*** Begin section ***
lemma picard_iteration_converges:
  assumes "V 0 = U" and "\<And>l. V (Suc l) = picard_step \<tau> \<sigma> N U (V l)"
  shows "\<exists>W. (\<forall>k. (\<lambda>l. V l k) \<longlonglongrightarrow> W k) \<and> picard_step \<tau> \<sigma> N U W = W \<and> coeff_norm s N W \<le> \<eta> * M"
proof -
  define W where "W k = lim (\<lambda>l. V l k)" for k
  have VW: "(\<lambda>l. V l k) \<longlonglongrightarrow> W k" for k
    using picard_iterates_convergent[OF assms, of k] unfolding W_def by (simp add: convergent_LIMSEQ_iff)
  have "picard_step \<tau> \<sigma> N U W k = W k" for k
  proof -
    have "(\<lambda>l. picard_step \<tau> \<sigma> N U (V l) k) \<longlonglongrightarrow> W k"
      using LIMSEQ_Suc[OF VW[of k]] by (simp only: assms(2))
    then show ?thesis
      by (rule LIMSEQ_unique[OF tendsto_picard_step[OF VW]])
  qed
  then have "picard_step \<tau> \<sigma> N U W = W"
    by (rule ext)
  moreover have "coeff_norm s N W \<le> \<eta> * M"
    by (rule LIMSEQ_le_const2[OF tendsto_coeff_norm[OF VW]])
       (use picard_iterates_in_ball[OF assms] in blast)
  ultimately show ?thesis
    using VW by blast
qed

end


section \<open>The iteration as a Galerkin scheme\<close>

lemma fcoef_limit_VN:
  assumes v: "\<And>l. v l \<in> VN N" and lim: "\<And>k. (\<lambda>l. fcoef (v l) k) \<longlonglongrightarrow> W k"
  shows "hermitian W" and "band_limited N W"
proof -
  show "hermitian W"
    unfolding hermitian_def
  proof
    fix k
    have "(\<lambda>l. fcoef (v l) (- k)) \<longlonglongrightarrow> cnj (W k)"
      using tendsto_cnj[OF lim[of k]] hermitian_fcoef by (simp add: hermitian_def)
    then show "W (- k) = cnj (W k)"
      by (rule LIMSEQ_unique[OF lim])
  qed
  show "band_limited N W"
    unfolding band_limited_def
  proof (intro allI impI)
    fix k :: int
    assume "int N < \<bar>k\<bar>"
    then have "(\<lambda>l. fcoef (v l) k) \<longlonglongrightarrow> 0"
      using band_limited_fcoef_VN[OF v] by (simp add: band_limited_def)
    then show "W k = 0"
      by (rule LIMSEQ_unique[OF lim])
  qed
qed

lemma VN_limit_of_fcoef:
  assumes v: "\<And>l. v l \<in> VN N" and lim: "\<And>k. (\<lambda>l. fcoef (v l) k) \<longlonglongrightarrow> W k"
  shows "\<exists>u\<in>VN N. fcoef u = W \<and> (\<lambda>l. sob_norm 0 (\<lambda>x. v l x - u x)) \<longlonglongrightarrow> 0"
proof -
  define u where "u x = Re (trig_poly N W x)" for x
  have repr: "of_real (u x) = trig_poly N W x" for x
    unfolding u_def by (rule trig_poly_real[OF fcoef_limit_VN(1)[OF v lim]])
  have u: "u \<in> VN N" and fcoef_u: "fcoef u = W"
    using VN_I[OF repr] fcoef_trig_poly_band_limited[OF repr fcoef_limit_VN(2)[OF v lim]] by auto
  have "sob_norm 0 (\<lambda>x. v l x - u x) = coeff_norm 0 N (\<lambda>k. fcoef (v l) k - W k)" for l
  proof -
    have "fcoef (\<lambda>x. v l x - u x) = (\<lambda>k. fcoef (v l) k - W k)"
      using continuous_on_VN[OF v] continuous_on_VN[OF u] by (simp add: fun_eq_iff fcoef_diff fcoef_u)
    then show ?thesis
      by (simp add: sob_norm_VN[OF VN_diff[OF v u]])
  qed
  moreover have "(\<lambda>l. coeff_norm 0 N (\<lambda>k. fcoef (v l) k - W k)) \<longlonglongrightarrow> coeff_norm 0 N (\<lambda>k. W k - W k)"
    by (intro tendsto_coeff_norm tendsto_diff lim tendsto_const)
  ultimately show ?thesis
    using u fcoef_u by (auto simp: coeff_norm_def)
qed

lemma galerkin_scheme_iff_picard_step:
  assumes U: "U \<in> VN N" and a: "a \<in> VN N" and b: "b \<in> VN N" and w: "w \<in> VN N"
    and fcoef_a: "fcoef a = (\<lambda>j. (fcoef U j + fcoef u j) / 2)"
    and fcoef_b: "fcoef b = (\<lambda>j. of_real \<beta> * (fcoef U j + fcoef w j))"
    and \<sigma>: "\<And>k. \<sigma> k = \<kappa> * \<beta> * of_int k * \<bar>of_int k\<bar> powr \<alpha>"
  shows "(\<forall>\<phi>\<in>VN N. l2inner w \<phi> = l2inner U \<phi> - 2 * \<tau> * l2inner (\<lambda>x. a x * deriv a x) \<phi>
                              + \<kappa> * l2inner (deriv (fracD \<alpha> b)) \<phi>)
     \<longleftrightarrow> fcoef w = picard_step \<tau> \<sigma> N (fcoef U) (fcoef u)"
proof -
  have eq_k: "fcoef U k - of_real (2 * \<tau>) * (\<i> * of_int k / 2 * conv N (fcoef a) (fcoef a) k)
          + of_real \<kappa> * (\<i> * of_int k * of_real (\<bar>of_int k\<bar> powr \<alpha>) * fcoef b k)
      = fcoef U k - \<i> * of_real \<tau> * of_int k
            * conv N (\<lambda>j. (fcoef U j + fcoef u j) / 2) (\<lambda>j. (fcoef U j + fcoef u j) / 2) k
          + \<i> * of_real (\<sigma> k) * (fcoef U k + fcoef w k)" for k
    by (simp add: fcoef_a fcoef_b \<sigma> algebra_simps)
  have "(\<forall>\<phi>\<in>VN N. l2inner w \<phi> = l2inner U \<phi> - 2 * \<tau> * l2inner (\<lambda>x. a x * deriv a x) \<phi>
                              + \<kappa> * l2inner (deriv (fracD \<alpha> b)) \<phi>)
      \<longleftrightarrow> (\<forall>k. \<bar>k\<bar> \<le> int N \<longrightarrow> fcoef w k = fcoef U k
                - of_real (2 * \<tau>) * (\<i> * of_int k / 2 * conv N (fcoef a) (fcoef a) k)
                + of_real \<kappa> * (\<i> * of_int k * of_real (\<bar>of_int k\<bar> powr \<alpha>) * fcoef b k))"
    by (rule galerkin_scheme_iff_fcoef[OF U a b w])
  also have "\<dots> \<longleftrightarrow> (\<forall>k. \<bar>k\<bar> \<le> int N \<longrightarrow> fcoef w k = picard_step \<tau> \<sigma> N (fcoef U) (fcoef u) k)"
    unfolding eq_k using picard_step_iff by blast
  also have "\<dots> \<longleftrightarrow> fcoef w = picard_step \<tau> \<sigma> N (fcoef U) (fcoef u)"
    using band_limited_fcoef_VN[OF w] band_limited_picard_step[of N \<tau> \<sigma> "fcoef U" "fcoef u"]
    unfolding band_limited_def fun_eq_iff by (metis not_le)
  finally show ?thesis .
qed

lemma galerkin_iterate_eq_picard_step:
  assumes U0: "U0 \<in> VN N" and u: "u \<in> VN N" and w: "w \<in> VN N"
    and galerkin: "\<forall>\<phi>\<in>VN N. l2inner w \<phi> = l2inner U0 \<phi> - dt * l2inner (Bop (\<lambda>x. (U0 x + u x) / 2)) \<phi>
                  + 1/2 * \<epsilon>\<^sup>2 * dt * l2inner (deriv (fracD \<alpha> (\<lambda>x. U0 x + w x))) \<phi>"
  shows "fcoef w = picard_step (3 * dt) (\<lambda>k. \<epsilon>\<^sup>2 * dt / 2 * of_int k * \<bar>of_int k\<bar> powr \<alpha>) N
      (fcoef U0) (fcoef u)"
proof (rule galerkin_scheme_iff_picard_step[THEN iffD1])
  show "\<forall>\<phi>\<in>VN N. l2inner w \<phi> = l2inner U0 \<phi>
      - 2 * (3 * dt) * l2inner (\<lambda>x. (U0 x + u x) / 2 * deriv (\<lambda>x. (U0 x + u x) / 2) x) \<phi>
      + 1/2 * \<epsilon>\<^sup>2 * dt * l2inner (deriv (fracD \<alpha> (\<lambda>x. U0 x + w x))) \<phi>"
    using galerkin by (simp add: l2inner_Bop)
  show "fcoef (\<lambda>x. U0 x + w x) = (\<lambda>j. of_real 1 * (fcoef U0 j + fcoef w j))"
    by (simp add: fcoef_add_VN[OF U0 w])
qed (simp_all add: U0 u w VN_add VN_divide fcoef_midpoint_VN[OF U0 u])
*** End section ***
*** Begin section ***
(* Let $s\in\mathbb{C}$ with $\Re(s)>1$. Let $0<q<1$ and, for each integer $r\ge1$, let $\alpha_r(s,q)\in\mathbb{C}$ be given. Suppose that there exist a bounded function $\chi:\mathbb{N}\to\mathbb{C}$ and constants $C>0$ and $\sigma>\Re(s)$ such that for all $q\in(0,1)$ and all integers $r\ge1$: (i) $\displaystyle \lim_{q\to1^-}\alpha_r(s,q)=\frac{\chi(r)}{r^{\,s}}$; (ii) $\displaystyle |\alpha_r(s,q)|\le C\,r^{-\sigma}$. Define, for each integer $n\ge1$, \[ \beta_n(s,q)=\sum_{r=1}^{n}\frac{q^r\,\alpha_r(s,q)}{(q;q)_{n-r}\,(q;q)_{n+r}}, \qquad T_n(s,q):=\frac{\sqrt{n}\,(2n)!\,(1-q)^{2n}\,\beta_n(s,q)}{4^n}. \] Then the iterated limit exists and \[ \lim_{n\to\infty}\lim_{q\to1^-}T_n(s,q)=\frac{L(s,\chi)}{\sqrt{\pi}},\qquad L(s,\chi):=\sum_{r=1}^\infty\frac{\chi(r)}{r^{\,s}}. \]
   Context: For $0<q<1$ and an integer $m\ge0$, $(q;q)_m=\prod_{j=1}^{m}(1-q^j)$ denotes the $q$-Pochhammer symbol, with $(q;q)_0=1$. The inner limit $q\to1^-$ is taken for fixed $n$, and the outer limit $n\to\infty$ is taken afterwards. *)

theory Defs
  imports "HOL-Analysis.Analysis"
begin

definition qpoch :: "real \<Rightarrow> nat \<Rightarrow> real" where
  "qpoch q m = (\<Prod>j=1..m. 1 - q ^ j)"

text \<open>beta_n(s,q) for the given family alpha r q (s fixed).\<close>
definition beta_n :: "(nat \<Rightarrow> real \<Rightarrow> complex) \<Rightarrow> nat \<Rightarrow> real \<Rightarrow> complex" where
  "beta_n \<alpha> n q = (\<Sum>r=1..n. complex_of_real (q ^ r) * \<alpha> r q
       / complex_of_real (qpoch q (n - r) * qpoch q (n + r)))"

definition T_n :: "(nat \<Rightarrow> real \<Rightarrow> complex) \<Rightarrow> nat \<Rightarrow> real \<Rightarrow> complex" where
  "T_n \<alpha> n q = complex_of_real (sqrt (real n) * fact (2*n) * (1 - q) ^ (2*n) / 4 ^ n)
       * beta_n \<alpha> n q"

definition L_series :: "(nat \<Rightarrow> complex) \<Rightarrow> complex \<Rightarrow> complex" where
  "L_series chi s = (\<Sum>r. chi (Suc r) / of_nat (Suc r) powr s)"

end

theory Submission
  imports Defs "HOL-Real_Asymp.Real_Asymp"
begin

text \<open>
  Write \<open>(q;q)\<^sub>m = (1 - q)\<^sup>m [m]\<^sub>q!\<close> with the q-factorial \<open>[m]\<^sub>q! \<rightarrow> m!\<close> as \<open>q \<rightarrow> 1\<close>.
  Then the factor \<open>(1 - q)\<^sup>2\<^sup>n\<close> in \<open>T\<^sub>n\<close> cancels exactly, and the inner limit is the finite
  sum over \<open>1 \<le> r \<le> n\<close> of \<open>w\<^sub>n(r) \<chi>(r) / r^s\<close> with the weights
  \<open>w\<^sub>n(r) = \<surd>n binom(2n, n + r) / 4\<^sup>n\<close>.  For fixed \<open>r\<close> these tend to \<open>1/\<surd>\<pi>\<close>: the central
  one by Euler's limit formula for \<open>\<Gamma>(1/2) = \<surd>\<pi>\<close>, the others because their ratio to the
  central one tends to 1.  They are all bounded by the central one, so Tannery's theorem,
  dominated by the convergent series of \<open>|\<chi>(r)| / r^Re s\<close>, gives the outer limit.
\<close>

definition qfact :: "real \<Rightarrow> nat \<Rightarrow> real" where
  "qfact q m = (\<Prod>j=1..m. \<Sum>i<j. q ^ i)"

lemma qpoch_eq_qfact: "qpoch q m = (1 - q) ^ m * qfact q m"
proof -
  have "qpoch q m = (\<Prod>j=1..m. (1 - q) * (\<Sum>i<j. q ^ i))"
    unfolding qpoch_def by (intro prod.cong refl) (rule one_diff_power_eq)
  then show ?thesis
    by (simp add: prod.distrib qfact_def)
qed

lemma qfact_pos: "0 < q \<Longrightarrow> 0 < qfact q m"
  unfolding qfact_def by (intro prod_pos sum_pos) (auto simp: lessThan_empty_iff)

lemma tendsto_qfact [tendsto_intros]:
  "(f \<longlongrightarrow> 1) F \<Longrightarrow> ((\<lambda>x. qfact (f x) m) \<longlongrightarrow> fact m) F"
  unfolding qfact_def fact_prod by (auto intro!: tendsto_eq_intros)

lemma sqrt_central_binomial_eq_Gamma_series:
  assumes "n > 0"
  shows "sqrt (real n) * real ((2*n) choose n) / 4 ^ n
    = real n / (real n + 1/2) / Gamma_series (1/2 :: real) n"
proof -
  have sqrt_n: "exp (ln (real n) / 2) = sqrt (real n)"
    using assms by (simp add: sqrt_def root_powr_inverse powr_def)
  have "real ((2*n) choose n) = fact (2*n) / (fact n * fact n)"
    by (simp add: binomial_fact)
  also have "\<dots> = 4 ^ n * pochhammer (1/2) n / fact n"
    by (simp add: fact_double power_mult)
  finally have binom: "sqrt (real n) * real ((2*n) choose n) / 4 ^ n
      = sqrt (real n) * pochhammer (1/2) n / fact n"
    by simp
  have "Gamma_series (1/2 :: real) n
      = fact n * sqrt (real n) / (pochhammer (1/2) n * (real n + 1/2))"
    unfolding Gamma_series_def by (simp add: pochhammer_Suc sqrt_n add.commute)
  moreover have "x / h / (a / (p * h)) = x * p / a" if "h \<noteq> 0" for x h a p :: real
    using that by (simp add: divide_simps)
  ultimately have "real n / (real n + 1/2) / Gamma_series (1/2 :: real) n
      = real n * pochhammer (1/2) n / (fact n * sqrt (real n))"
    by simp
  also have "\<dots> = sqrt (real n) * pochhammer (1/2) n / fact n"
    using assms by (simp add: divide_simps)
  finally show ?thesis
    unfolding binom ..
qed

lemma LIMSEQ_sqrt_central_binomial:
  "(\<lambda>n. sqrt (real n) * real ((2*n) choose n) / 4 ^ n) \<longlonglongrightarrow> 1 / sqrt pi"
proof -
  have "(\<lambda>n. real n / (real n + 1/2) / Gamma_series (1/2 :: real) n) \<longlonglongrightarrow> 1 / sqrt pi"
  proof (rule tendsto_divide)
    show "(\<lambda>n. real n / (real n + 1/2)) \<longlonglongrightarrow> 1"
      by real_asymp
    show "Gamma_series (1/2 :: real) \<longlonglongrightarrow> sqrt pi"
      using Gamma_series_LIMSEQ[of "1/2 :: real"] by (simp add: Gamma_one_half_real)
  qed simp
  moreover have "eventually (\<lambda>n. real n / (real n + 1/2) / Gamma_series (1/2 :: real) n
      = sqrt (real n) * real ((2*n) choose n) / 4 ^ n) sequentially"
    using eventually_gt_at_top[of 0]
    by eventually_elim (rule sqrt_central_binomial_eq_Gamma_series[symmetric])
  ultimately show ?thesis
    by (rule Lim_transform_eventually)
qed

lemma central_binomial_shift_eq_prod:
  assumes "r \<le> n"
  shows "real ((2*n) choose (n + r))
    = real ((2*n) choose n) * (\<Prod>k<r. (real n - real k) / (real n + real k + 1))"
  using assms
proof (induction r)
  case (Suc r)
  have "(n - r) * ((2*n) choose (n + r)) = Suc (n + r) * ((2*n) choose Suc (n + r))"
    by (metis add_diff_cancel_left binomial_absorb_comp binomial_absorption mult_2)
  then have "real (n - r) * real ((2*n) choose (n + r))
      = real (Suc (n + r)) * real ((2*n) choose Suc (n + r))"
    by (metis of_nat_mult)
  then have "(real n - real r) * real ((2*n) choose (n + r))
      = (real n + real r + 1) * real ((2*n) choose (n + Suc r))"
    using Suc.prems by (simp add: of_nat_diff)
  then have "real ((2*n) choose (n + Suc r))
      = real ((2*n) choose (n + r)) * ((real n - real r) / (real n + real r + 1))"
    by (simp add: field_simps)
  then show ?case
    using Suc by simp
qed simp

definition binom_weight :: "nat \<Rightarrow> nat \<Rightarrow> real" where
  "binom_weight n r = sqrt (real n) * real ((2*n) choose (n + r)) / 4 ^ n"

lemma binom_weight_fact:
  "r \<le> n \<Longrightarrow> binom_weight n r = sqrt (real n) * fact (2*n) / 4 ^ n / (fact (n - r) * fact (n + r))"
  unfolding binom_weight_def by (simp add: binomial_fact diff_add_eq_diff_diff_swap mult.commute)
*** End section ***
WHAT TO PRODUCE:
Wherever the word "Defs" occurs in the data, copy that whole line.

REPLY TO THE EXERCISE:
theory Defs
  imports Defs "HOL-Real_Asymp.Real_Asymp"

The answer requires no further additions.